Catalyst Housing has embarked on a major IT transformation programme with Orchard and Mosaic Island. The agile delivery methodology underpinning the project is working well, with several key milestones already achieved between April and June this year.
Like many housing providers, Catalyst found themselves with a myriad of applications and business processes accumulated over the years. As a result, tasks became more and more cumbersome to execute, management information slow to assemble and the applications difficult and costly to maintain.
Catalyst selected the Orchard housing management system as the platform on which to consolidate a number of legacy applications. A transformation programme called Diamond was established to migrate users and processes onto Orchard, allowing the legacy systems to be decommissioned as new features and functionality are released.
In order to get the most from its investment, Catalyst enlisted Mosaic Island, a specialist in information systems design, to assess the current architecture and recommend a delivery methodology. Using business capability modelling, Mosaic Island mapped the key business processes and produced a target architecture, a high-level programme plan and a risk analysis.
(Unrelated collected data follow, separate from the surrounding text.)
lemma coupled_field_linear_split:
  "(\<Sum>x\<in>two_boxes N. t x * (split_field N Y x q + harmonic_part N Z x \<omega>))
     = ((\<Sum>x\<in>box_int N. t x * Y x (fst q)) + (\<Sum>a\<in>box_int N. t (shift_right N a) * Y a (snd q)))
       + (\<Sum>w\<in>separator N. (\<Sum>x\<in>two_boxes N. t x * harmonic_coeff N x w) * Z w \<omega>)"
proof -
  have "(\<Sum>x\<in>two_boxes N. t x * split_field N Y x q)
      = (\<Sum>x\<in>box_int N. t x * split_field N Y x q) + (\<Sum>x\<in>right_box N. t x * split_field N Y x q)"
    by (rule sum_two_boxes)
  also have "(\<Sum>x\<in>box_int N. t x * split_field N Y x q) = (\<Sum>x\<in>box_int N. t x * Y x (fst q))"
    unfolding split_field_def by simp
  also have "(\<Sum>x\<in>right_box N. t x * split_field N Y x q) = (\<Sum>a\<in>box_int N. t (shift_right N a) * Y a (snd q))"
    unfolding split_field_def sum_right_box by (intro sum.cong refl) (auto simp: shift_right_not_left_box)
  finally have left_right: "(\<Sum>x\<in>two_boxes N. t x * split_field N Y x q)
      = (\<Sum>x\<in>box_int N. t x * Y x (fst q)) + (\<Sum>a\<in>box_int N. t (shift_right N a) * Y a (snd q))" .
  have "(\<Sum>x\<in>two_boxes N. t x * harmonic_part N Z x \<omega>)
      = (\<Sum>x\<in>two_boxes N. \<Sum>w\<in>separator N. t x * harmonic_coeff N x w * Z w \<omega>)"
    unfolding harmonic_part_def by (simp add: sum_distrib_left mult.assoc)
  also have "\<dots> = (\<Sum>w\<in>separator N. (\<Sum>x\<in>two_boxes N. t x * harmonic_coeff N x w) * Z w \<omega>)"
    by (subst sum.swap) (simp add: sum_distrib_right)
  finally show ?thesis
    using left_right by (simp add: distrib_left sum.distrib)
qed

lemma exp_sum3: "complex_of_real (exp (- a / 2)) * complex_of_real (exp (- b / 2)) * complex_of_real (exp (- c / 2))
    = complex_of_real (exp (- (a + b + c) / 2))"
proof -
  have "exp (- a / 2) * exp (- b / 2) * exp (- c / 2) = exp (- (a + b + c) / 2)"
    by (simp add: exp_add[symmetric] field_simps)
  then show ?thesis by (simp only: of_real_mult[symmetric])
qed

text \<open>The coupled field has the characteristic function of the 2N-field on the two
  boxes: this is the Gibbs-Markov property in Fourier form, a consequence of the
  covariance splitting.\<close>

lemma char_coupled_field:
  assumes cY: "centered_gaussian_field P (box N) Y (green N)"
    and cZ: "centered_gaussian_field Q (box (2 * N)) Z (green (2 * N))"
  shows "(CLINT \<omega>|(P \<Otimes>\<^sub>M P) \<Otimes>\<^sub>M Q.
            iexp (\<Sum>x\<in>two_boxes N. t x * (split_field N Y x (fst \<omega>) + harmonic_part N Z x (snd \<omega>))))
     = complex_of_real (exp (- (\<Sum>x\<in>two_boxes N. \<Sum>y\<in>two_boxes N. t x * t y * green (2 * N) x y) / 2))"
proof -
  have P: "prob_space P" and Q: "prob_space Q" using cgf_prob_space cY cZ by blast+
  have [measurable]: "Y z \<in> borel_measurable P" if "z \<in> box_int N" for z
    using cgf_measurable[OF cY] box_int_sub that by blast
  have [measurable]: "Z w \<in> borel_measurable Q" if "w \<in> separator N" for w
    using cgf_measurable[OF cZ] separator_sub_box that by blast
  define u where "u w = (\<Sum>x\<in>two_boxes N. t x * harmonic_coeff N x w)" for w
  define left where "left \<omega> = (\<Sum>x\<in>box_int N. t x * Y x \<omega>)" for \<omega>
  define right where "right \<omega> = (\<Sum>a\<in>box_int N. t (shift_right N a) * Y a \<omega>)" for \<omega>
  define sep where "sep \<omega> = (\<Sum>w\<in>separator N. u w * Z w \<omega>)" for \<omega>
  have [measurable]: "left \<in> borel_measurable P" "right \<in> borel_measurable P" "sep \<in> borel_measurable Q"
    unfolding left_def[abs_def] right_def[abs_def] sep_def[abs_def] by measurable
  have "(CLINT \<omega>|(P \<Otimes>\<^sub>M P) \<Otimes>\<^sub>M Q.
            iexp (\<Sum>x\<in>two_boxes N. t x * (split_field N Y x (fst \<omega>) + harmonic_part N Z x (snd \<omega>))))
      = (CLINT \<omega>|(P \<Otimes>\<^sub>M P) \<Otimes>\<^sub>M Q. iexp ((\<lambda>q. left (fst q) + right (snd q)) (fst \<omega>) + sep (snd \<omega>)))"
    unfolding coupled_field_linear_split left_def right_def sep_def u_def by simp
  also have "\<dots> = (CLINT q|P \<Otimes>\<^sub>M P. iexp (left (fst q) + right (snd q))) * (CLINT \<omega>|Q. iexp (sep \<omega>))"
    by (rule char_pair_product[OF prob_space_pair[OF P P] Q]) measurable
  also have "(CLINT q|P \<Otimes>\<^sub>M P. iexp (left (fst q) + right (snd q)))
      = (CLINT \<omega>|P. iexp (left \<omega>)) * (CLINT \<omega>|P. iexp (right \<omega>))"
    by (rule char_pair_product[OF P P]) measurable
  also have "(CLINT \<omega>|P. iexp (left \<omega>))
      = complex_of_real (exp (- (\<Sum>a\<in>box_int N. \<Sum>b\<in>box_int N. t a * t b * green N a b) / 2))"
    unfolding left_def by (rule cgf_char_restrict[OF cY finite_box box_int_sub])
  also have "(CLINT \<omega>|P. iexp (right \<omega>)) = complex_of_real (exp (- (\<Sum>a\<in>box_int N. \<Sum>b\<in>box_int N.
      t (shift_right N a) * t (shift_right N b) * green N a b) / 2))"
    unfolding right_def by (rule cgf_char_restrict[OF cY finite_box box_int_sub])
  also have "(CLINT \<omega>|Q. iexp (sep \<omega>)) = complex_of_real (exp (- (\<Sum>w\<in>separator N.
      \<Sum>w'\<in>separator N. u w * u w' * green (2 * N) w w') / 2))"
    unfolding sep_def by (rule cgf_char_restrict[OF cZ finite_box separator_sub_box])
  finally show ?thesis
    unfolding covariance_split u_def[symmetric] exp_sum3 .
qed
Mosaic Island led the programme at Catalyst’s head office and established a proven agile delivery methodology. This connected the business user’s needs with the technical implementation team and provided complete transparency and visibility to stakeholders while engaging Catalyst’s in-house IT delivery team.
The key ingredients of the agile methodology are daily ‘stand ups’ (15 mins max), designated product owners from the business, clearly-articulated user stories and prioritised backlogs of work. The programme was divided into two-week sprints, at the end of which tangible results could be shown to stakeholders to ensure that the delivery team was on the right track. Even Catalyst’s CEO, Rod Cahill, would occasionally attend the morning stand up meeting which gave him good visibility of progress and provided motivation for the delivery team.
Piece by piece, the Orchard platform was configured to meet Catalyst’s business needs. The first release in April 2013 provided search capabilities across the extensive volume of data that had been migrated into Orchard from several legacy systems. It also included document management to associate scanned documents with the related tenant data. A training programme designed by the in-house Catalyst team was rolled out and around 200 staff could then access tenant files electronically.
The second release in June 2013, covering rent accounting and arrears, provided business-critical functionality for core financial processes. This consolidated four different arrears processes across different regions into just one for the whole business.
The third release later in June saw the addition of functionality for ASB handling and a basic CRM dashboard. The Orchard platform was also integrated with the call-centre telephony system to allow incoming callers’ records to automatically pop up onto agents’ desktops.
The programme continues and some of the imminent milestones are improved CRM, voids and allocations, repairs, and bulk SMS/email messaging. By the middle of 2014, a number of legacy systems will also have been decommissioned.
Kevin Nichols, CIO, Catalyst Housing, said, “Catalyst now has a solid platform on which to grow our business in years to come. What’s most impressive is how quickly the business embraced and adapted to change and created the opportunity for continued success.”